> [The task]: Go through the material line by line. Say how many lines contain the word "ultimately", and give nothing more.

> [Supplied records]:
********

lemma bregman_minimizer_exists:
  fixes g :: "'a::banach \<Rightarrow> real"
  assumes F: "in_F g g'" and tc: "totally_convex g g'" and utc: "uniformly_totally_convex g g'"
    and C: "closed C" "convex C" "C \<noteq> {}"
  shows "\<exists>y\<in>C. \<forall>z\<in>C. bregman g g' y x \<le> bregman g g' z x"
proof -
  define m where "m = (INF z\<in>C. bregman g g' z x)"
  have bdd: "bdd_below ((\<lambda>z. bregman g g' z x) ` C)"
    by (intro bdd_belowI2[of _ 0] bregman_nonneg[OF F])
  have lower: "m \<le> bregman g g' z x" if "z \<in> C" for z
    unfolding m_def using bdd that by (rule cINF_lower)
  obtain ys where ys: "\<And>n. ys n \<in> C" and lim: "(\<lambda>n. bregman g g' (ys n) x) \<longlonglongrightarrow> m"
    using INF_as_limit_real[OF C(3) bdd] unfolding m_def by blast
  have "Cauchy ys" by (rule bregman_minimizing_sequence_Cauchy[OF F tc utc C(2) ys lower lim])
  then obtain y where y: "ys \<longlonglongrightarrow> y" using Cauchy_convergent_iff convergent_def by blast
  have "y \<in> C" using closed_sequentially[OF C(1)] ys y by blast
  define L where "L u = g x + g' x (u - x)" for u
  have "(\<lambda>n. L (ys n)) \<longlonglongrightarrow> L y"
    unfolding L_def
    by (intro tendsto_intros bounded_linear.tendsto[OF in_F_bounded_linear[OF F]] y)
  moreover have "g u = bregman g g' u x + L u" for u
    unfolding bregman_def L_def by simp
  ultimately have "(\<lambda>n. g (ys n)) \<longlonglongrightarrow> m + L y"
    using tendsto_add[OF lim] by simp
  then have "g y \<le> m + L y"
    using F y unfolding in_F_def by (blast intro: lower_semicont_LIMSEQ_le)
  then have "bregman g g' y x \<le> m" unfolding bregman_def L_def by simp
  with \<open>y \<in> C\<close> lower show ?thesis by (meson order_trans)
qed

lemma bregman_minimizer_unique:
  assumes F: "in_F g g'" and "convex C"
    and y1: "y1 \<in> C" "\<forall>z\<in>C. bregman g g' y1 x \<le> bregman g g' z x"
    and y2: "y2 \<in> C" "\<forall>z\<in>C. bregman g g' y2 x \<le> bregman g g' z x"
  shows "y1 = y2"
proof (rule ccontr)
  assume "y1 \<noteq> y2"
  define m where "m = midpoint y1 y2"
  have "m \<in> C" unfolding m_def using \<open>convex C\<close> y1(1) y2(1) by (rule midpoint_in_convex)
  then have "bregman g g' y1 x \<le> bregman g g' m x" "bregman g g' y2 x \<le> bregman g g' m x"
    using y1(2) y2(2) by auto
  moreover have "2 * g m < g y1 + g y2"
    using in_F_midpoint_less[OF F \<open>y1 \<noteq> y2\<close>] unfolding m_def by simp
  ultimately show False
    using bregman_midpoint[OF F, of y1 x y2] unfolding m_def by linarith
qed

lemma bregman_proj_minimizes:
  fixes g :: "'a::banach \<Rightarrow> real"
  assumes "in_F g g'" "totally_convex g g'" "uniformly_totally_convex g g'"
    and "closed C" "convex C" "C \<noteq> {}"
  shows "bregman_proj g g' C x \<in> C
    \<and> (\<forall>z\<in>C. bregman g g' (bregman_proj g g' C x) x \<le> bregman g g' z x)"
  unfolding bregman_proj_def
proof (rule theI', rule ex_ex1I)
  show "\<exists>y. y \<in> C \<and> (\<forall>z\<in>C. bregman g g' y x \<le> bregman g g' z x)"
    using bregman_minimizer_exists[OF assms] by blast
qed (use bregman_minimizer_unique[OF assms(1,5)] in blast)

lemma bregman_proj_self:
  assumes F: "in_F g g'" and "x \<in> C"
  shows "bregman_proj g g' C x = x"
  unfolding bregman_proj_def
proof (rule the_equality)
  show "x \<in> C \<and> (\<forall>z\<in>C. bregman g g' x x \<le> bregman g g' z x)"
    using \<open>x \<in> C\<close> bregman_nonneg[OF F] by (simp add: bregman_same[OF F])
  fix y assume "y \<in> C \<and> (\<forall>z\<in>C. bregman g g' y x \<le> bregman g g' z x)"
  then have "bregman g g' y x \<le> 0" using \<open>x \<in> C\<close> by (force simp: bregman_same[OF F])
  then show "y = x" using bregman_le_0_iff[OF F] by blast
qed

lemma Fix_mv_eq_Fix_sv_bregman_proj:
  fixes g :: "'a::banach \<Rightarrow> real"
  assumes F: "in_F g g'" and "totally_convex g g'" "uniformly_totally_convex g g'"
    and T: "\<forall>x\<in>K. T x \<noteq> {} \<and> closed (T x) \<and> convex (T x)"
  shows "Fix_mv K T = Fix_sv K (\<lambda>x. bregman_proj g g' (T x) x)"
proof -
  have "x \<in> T x \<longleftrightarrow> bregman_proj g g' (T x) x = x" if "x \<in> K" for x
    using bregman_proj_self[OF F, of x "T x"] bregman_proj_minimizes[OF assms(1-3), of "T x" x]
      T that by metis
  then show ?thesis unfolding Fix_mv_def Fix_sv_def by auto
qed

lemma closed_bregman_le:
  assumes F: "in_F g g'"
  shows "closed {u. bregman g g' u q \<le> bregman g g' u l}"
proof -
  have "{u. bregman g g' u q \<le> bregman g g' u l} = {u. g l - g q - g' q (u - q) + g' l (u - l) \<le> 0}"
    unfolding bregman_def by auto
  moreover have "closed {u. g l - g q - g' q (u - q) + g' l (u - l) \<le> 0}"
    by (intro closed_Collect_le continuous_intros
        bounded_linear.continuous_on[OF in_F_bounded_linear[OF F]])
  ultimately show ?thesis by simp
qed

lemma closed_Fix_sv_bregman_quasi_nonexpansive:
  assumes F: "in_F g g'" and "closed K"
    and qne: "\<And>p x. p \<in> Fix_sv K S \<Longrightarrow> x \<in> K \<Longrightarrow> bregman g g' p (S x) \<le> bregman g g' p x"
  shows "closed (Fix_sv K S)"
proof -
  have "l \<in> Fix_sv K S" if l: "l \<in> closure (Fix_sv K S)" for l
  proof -
    have "l \<in> K"
      using closure_minimal[of "Fix_sv K S" K] \<open>closed K\<close> l unfolding Fix_sv_def by blast
    then have "Fix_sv K S \<subseteq> {u. bregman g g' u (S l) \<le> bregman g g' u l}" using qne by blast
    then have "bregman g g' l (S l) \<le> bregman g g' l l"
      using closure_minimal[OF _ closed_bregman_le[OF F]] l by blast
    then have "S l = l" using bregman_le_0_iff[OF F] by (simp add: bregman_same[OF F])
    with \<open>l \<in> K\<close> show ?thesis unfolding Fix_sv_def by simp
  qed
  then show ?thesis using closure_subset_eq by blast
qed

lemma convex_Fix_sv_bregman_quasi_nonexpansive:
  assumes F: "in_F g g'" and "convex K"
    and qne: "\<And>p x. p \<in> Fix_sv K S \<Longrightarrow> x \<in> K \<Longrightarrow> bregman g g' p (S x) \<le> bregman g g' p x"
  shows "convex (Fix_sv K S)"
proof (rule convexI)
  fix a b :: 'a and u v :: real
  assume a: "a \<in> Fix_sv K S" and b: "b \<in> Fix_sv K S" and "0 \<le> u" "0 \<le> v" and uv: "u + v = 1"
  define p where "p = u *\<^sub>R a + v *\<^sub>R b"
  have "p \<in> K"
    using a b \<open>0 \<le> u\<close> \<open>0 \<le> v\<close> uv convexD[OF \<open>convex K\<close>] unfolding p_def Fix_sv_def by blast
  have "u * bregman g g' a (S p) + v * bregman g g' b (S p) \<le> u * bregman g g' a p + v * bregman g g' b p"
    using qne[OF a \<open>p \<in> K\<close>] qne[OF b \<open>p \<in> K\<close>] \<open>0 \<le> u\<close> \<open>0 \<le> v\<close>
    by (intro add_mono mult_left_mono)
  then have "bregman g g' p (S p) \<le> bregman g g' p p"
    using bregman_convex_combination[OF F uv, of a "S p" b] bregman_convex_combination[OF F uv, of a p b]
    unfolding p_def by linarith
  then have "S p = p" using bregman_le_0_iff[OF F] by (simp add: bregman_same[OF F])
  with \<open>p \<in> K\<close> show "u *\<^sub>R a + v *\<^sub>R b \<in> Fix_sv K S" unfolding p_def Fix_sv_def by simp
qed

theorem proposition2p10:
  fixes g :: "'a::banach \<Rightarrow> real" and g' :: "'a \<Rightarrow> 'a \<Rightarrow> real"
    and K :: "'a set" and T :: "'a \<Rightarrow> 'a set"
  assumes "K \<noteq> {}" and "closed K" and "convex K"
    and "in_F g g'" and "totally_convex g g'" and "H1 g g'" and "H2 g g'"
    and "\<forall>x\<in>K. T x \<subseteq> K \<and> T x \<noteq> {} \<and> closed (T x) \<and> convex (T x)"
    and "quasi_Dg_nonexpansive g g' K T"
  shows "closed (Fix_mv K T) \<and> convex (Fix_mv K T)"
proof -
  define S where "S = (\<lambda>x. bregman_proj g g' (T x) x)"
  have qne: "\<And>p x. p \<in> Fix_sv K S \<Longrightarrow> x \<in> K \<Longrightarrow> bregman g g' p (S x) \<le> bregman g g' p x"
    using assms(9) unfolding quasi_Dg_nonexpansive_def Let_def S_def by blast
  have "Fix_mv K T = Fix_sv K S"
    unfolding S_def using assms(4,5,7,8) unfolding H2_def
    by (intro Fix_mv_eq_Fix_sv_bregman_proj) auto
  then show ?thesis
    using closed_Fix_sv_bregman_quasi_nonexpansive[OF assms(4,2) qne]
      convex_Fix_sv_bregman_quasi_nonexpansive[OF assms(4,3) qne]
    by simp
qed

end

********

> [Result of this task]: 3